La technique est tissée de nature

Tout le monde partage l'idée prométhéenne selon laquelle l’homme domine la nature. Cela fait partie de l’inconscient humain, que les hommes y pensent ou non, qu’ils en parlent ou non, qu’ils connaissent ou non le mythe grec de Prométhée : L'Homme fait obéir la Nature pour qu'Elle le serve, ce qu’elle fait plus ou moins gentiment (il faut plus ou moins de travail, donc de temps… pour trouver les biais, mais cela finit toujours par arriver). Cette représentation a produit le monde dans lequel nous vivons. Depuis le début des sciences et des techniques, cette représentation ne correspond pas à ce qui se passe.

L'idée prométhéenne est tellement valorisante pour les hommes qu’ils ne résistent guère au désir de la croire vraie : Quand on voit voler un avion, on peut avoir l'impression que la loi de la gravitation est feintée. Il n'en est rien. Un avion s'appuie sur la Terre par l'intermédiaire d'un coussin d'air, comme les oiseaux. Et la loi scientifique de la gravitation universelle n'en est pas affectée.

Jusqu'à notre époque, le fait que notre perception prométhéenne des sciences et des techniques soit erronée ne nous a pas gênés, ne nous a pas empêchés d'agir et de progresser.

Cependant, nombre de difficultés (pollutions, l'acidification des océans, réchauffement climatique, etc.) nous arrivent que nous ne savons comment aborder parce qu’elles n’ont pas d’antécédents. Ces problèmes écologiques ne sont pas comme faire voler des avions quand on voit voler les oiseaux. Les accepter fait, en soi, réticence et débat. Au moment où j’écris, trois ouragans courent en même temps dans l’Atlantique nord. L’un a une force « théorique » : on avait prévu qu’un ouragan pouvait avoir cette force mais on n’en avait encore jamais eu. Il bat le précédent record détenu par Haiyan en 2013. Nous appelons cela des catastrophes naturelles. Les spécialistes prévoient qu’il y en aura d’autres, et des pires. Et nous parlons peu des moussons excessives, catastrophiques de l’Asie.
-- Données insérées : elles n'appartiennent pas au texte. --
theorem lemma4p5:
  fixes n l i :: nat and q :: "nat list list" and lam :: "nat list"
  assumes "n \<ge> 1"
    and "length lam = length q"
    and "\<forall>j < length q. lam ! j \<ge> 1 \<and> inB n (lam ! j) (q ! j)"
    and "1 \<le> i" and "i \<le> n + 1"
    and "l \<ge> sum_list lam"
    and "Tl n l q = Tinf n q"
  shows "rhoS n i q - rhoS n i (Tinf n q)
         = (\<Sum>j\<in>{1..length q}. Qf n (int i) (carriers n l q ! (j - 1)) (q ! (j - 1)))"
proof -
  have wf: "wf_state n q"
    using assms(3) by (auto simp: wf_state_def inB_def in_set_conv_nth)
  have "lam = map sum_list q"
    by (rule nth_equalityI) (use assms(2,3) in \<open>auto simp: inB_def\<close>)
  then have size: "int (state_size q) \<le> ent n (uvec n l) 1"
    using assms(6) by (simp add: state_size_def ent_uvec_1)
  have "rhoS n i q - rhoS n i (Tinf n q)
      = (\<Sum>j\<in>{1..length q}. balls_upto n i (q ! (j - 1)) - balls_upto n i (Tinf n q ! (j - 1))
                            + balls_upto n (n + 1) (Tinf n q ! (j - 1)))"
    by (rule rhoS_diff_Tinf[OF wf])
  also have "\<dots> = (\<Sum>j\<in>{1..length q}. Qf n (int i) (carriers n l q ! (j - 1)) (q ! (j - 1)))"
    unfolding assms(7)[symmetric] Tl_def carriers_def
    by (rule sum.cong[OF refl], rule balls_upto_sweep_nth[OF wf size _ assms(4,5)]) auto
  finally show ?thesis .
qed

end
(* Let $I$ be a non-empty upward directed set with no maximal element. For $\alpha\in I$ let $E_\alpha$ be the set of tuples $(\alpha_1,\alpha_2,\dots,\alpha_{2n-1},\alpha_{2n})$ ($n\ge1$) of elements of $I$ such that (i) $\alpha_{2n-1}=\alpha$; (ii) $\alpha_{2i-1}\le\alpha_{2i}$ for all $1\le i\le n$; (iii) $\alpha_{2i-1}\not\le\alpha_{2j-1}$ for all $1\le j<i\le n$. For $\alpha\le\beta$ and $(\beta_1,\dots,\beta_{2m})\in E_\beta$, let $j$ be the smallest index with $\alpha\le\beta_{2j-1}$ and set $\epsilon_{\alpha\beta}(\beta_1,\dots,\beta_{2m})=(\beta_1,\dots,\beta_{2j-2},\alpha,\beta_{2j})$. Then each $E_\alpha$ is non-empty, $\epsilon_{\alpha\beta}$ is a well-defined map $E_\beta\to E_\alpha$, $\{E_\alpha,\epsilon_{\alpha\beta}\}$ is an $I$-inverse system, and every $\epsilon_{\alpha\beta}$ is surjective.
   Context: An $I$-inverse system consists of sets $E_\alpha$ ($\alpha\in I$) and maps $\epsilon_{\alpha\beta}:E_\beta\to E_\alpha$ for $\alpha\le\beta$ with $\epsilon_{\alpha\alpha}=\mathrm{id}$ and $\epsilon_{\alpha\beta}\epsilon_{\beta\gamma}=\epsilon_{\alpha\gamma}$. *)

theory Defs
  imports Main
begin

definition directed_set :: "'a set \<Rightarrow> ('a \<Rightarrow> 'a \<Rightarrow> bool) \<Rightarrow> bool" where
  "directed_set I le \<longleftrightarrow> I \<noteq> {}
     \<and> (\<forall>a\<in>I. le a a)
     \<and> (\<forall>a\<in>I. \<forall>b\<in>I. \<forall>c\<in>I. le a b \<longrightarrow> le b c \<longrightarrow> le a c)
     \<and> (\<forall>a\<in>I. \<forall>b\<in>I. \<exists>c\<in>I. le a c \<and> le b c)"

definition no_maximal :: "'a set \<Rightarrow> ('a \<Rightarrow> 'a \<Rightarrow> bool) \<Rightarrow> bool" where
  "no_maximal I le \<longleftrightarrow> (\<forall>a\<in>I. \<exists>b\<in>I. le a b \<and> \<not> le b a)"

definition inverse_system :: "'a set \<Rightarrow> ('a \<Rightarrow> 'a \<Rightarrow> bool) \<Rightarrow> ('a \<Rightarrow> 'e set)
     \<Rightarrow> ('a \<Rightarrow> 'a \<Rightarrow> 'e \<Rightarrow> 'e) \<Rightarrow> bool" where
  "inverse_system I le E e \<longleftrightarrow>
     (\<forall>a\<in>I. \<forall>b\<in>I. le a b \<longrightarrow> (\<forall>x\<in>E b. e a b x \<in> E a))
   \<and> (\<forall>a\<in>I. \<forall>x\<in>E a. e a a x = x)
   \<and> (\<forall>a\<in>I. \<forall>b\<in>I. \<forall>c\<in>I. le a b \<longrightarrow> le b c \<longrightarrow>
        (\<forall>x\<in>E c. e a b (e b c x) = e a c x))"

text \<open>Tuples (a_1,...,a_{2n}) are lists xs of length 2n (n \<ge> 1), 0-indexed:
  a_{2i-1} = xs!(2(i-1)), a_{2i} = xs!(2(i-1)+1).\<close>
definition Etup :: "'a set \<Rightarrow> ('a \<Rightarrow> 'a \<Rightarrow> bool) \<Rightarrow> 'a \<Rightarrow> 'a list set" where
  "Etup I le a = {xs. even (length xs) \<and> length xs \<ge> 2 \<and> set xs \<subseteq> I
      \<and> xs ! (length xs - 2) = a
      \<and> (\<forall>i < length xs div 2. le (xs ! (2*i)) (xs ! (2*i+1)))
      \<and> (\<forall>i < length xs div 2. \<forall>j < i. \<not> le (xs ! (2*i)) (xs ! (2*j)))}"

definition eps :: "('a \<Rightarrow> 'a \<Rightarrow> bool) \<Rightarrow> 'a \<Rightarrow> 'a \<Rightarrow> 'a list \<Rightarrow> 'a list" where
  "eps le a b ys = (let j = (LEAST j. le a (ys ! (2*j))) in take (2*j) ys @ [a, ys ! (2*j+1)])"

end

theory Submission
  imports Defs
begin

(* For a \<le> b and ys \<in> E_b the "cut index" j (the first pair whose start lies above a)
   exists because the last start is b; eps then keeps the pairs before j and replaces the
   start of pair j by a.
   The main theorem collects these facts. *)

lemma Etup_memE:
  assumes "xs \<in> Etup I le a"
  obtains n where "length xs = 2*n" "n \<ge> 1" "set xs \<subseteq> I" "xs!(2*(n-1)) = a"
    "\<And>i. i < n \<Longrightarrow> le (xs!(2*i)) (xs!(2*i+1))"
    "\<And>i j. i < n \<Longrightarrow> j < i \<Longrightarrow> \<not> le (xs!(2*i)) (xs!(2*j))"
proof -
  from assms have "even (length xs)" "length xs \<ge> 2" by (auto simp: Etup_def)
  then obtain n where n: "length xs = 2*n" "n \<ge> 1" by (auto elim!: evenE)
  then have "2*(n-1) = length xs - 2" by auto
  with n assms that show ?thesis by (auto simp: Etup_def)
qed

lemma Etup_memI:
  assumes "length xs = 2*n" "n \<ge> 1" "set xs \<subseteq> I" "xs!(2*(n-1)) = a"
    "\<And>i. i < n \<Longrightarrow> le (xs!(2*i)) (xs!(2*i+1))"
    "\<And>i j. i < n \<Longrightarrow> j < i \<Longrightarrow> \<not> le (xs!(2*i)) (xs!(2*j))"
  shows "xs \<in> Etup I le a"
proof -
  have "2*(n-1) = length xs - 2" using assms by auto
  with assms show ?thesis by (auto simp: Etup_def)
qed

lemma Etup_starts_not_above:
  assumes "xs \<in> Etup I le a" "k < length xs div 2 - 1"
  shows "\<not> le a (xs!(2*k))"
  using assms by (elim Etup_memE) auto

lemma take_last_pair:
  assumes "length xs = 2*n" "n \<ge> 1"
  shows "take (2*(n-1)) xs @ [xs!(2*(n-1)), xs!(2*(n-1)+1)] = xs"
proof -
  obtain m where m: "n = Suc m" using assms(2) by (cases n) auto
  have "xs = take (Suc (Suc (2*m))) xs" using assms m by simp
  also have "\<dots> = take (2*m) xs @ [xs!(2*m), xs!(2*m+1)]"
    using assms m take_Suc_conv_app_nth[of "Suc (2*m)" xs] take_Suc_conv_app_nth[of "2*m" xs]
    by simp
  finally show ?thesis using m by simp
qed

lemma nth_take_append_pair:
  assumes "2*j+1 < length ys" "m < 2*j+2"
  shows "(take (2*j) ys @ [x,y]) ! m = (if m < 2*j then ys!m else if m = 2*j then x else y)"
  using assms by (auto simp: nth_append)

lemma eps_eq:
  assumes "le a (ys!(2*j))" "\<And>k. k < j \<Longrightarrow> \<not> le a (ys!(2*k))"
  shows "eps le a b ys = take (2*j) ys @ [a, ys!(2*j+1)]"
proof -
  have "(LEAST j. le a (ys!(2*j))) = j"
    by (rule Least_equality) (use assms not_less in blast)+
  then show ?thesis unfolding eps_def Let_def by simp
qed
Nous sommes dans la narration des détails : les morts, les évacuations, les maisons, les infrastructures détruites, les pillages et bien sûr la question « combien ça coûte ? », qui devrait être « combien coûtent les réparations ? ». La Nature n’est plus une ressource, elle devient une charge.

La question « combien ça coûte ? » continue l’idée que l’activité de l’homme maîtrisera cette difficulté inédite. Les discours les plus fréquents établissent que le pouvoir d’agir est dans les mains des politiques (et qu’ils nous trahissent, ce sont les deux faces de la même médaille). Interroger nos propres comportements, notre propre avidité, notre sentiment prométhéen n’est pas dans les mœurs éditoriales.

Si la perception prométhéenne ne fonctionne plus c’est parce que nous avons atteint, grâce à elle, les limites de notre planète.

Un certain nombre de déchets dont nous n'avions pas à nous occuper, la planète les absorbant et les recyclant, restent et stagnent tout près de nous. Un tanneur qui rejette des produits toxiques dans la rivière ne crée pas de transformation sensible de cette rivière. Mais trois tanneurs, mais dix mais cent ?... mais pendant trois cents, cinq cents ans ? Ce sont les pollutions. Avec les pollutions, le réchauffement de l'atmosphère, et avec le réchauffement, des ouragans à tout détruire.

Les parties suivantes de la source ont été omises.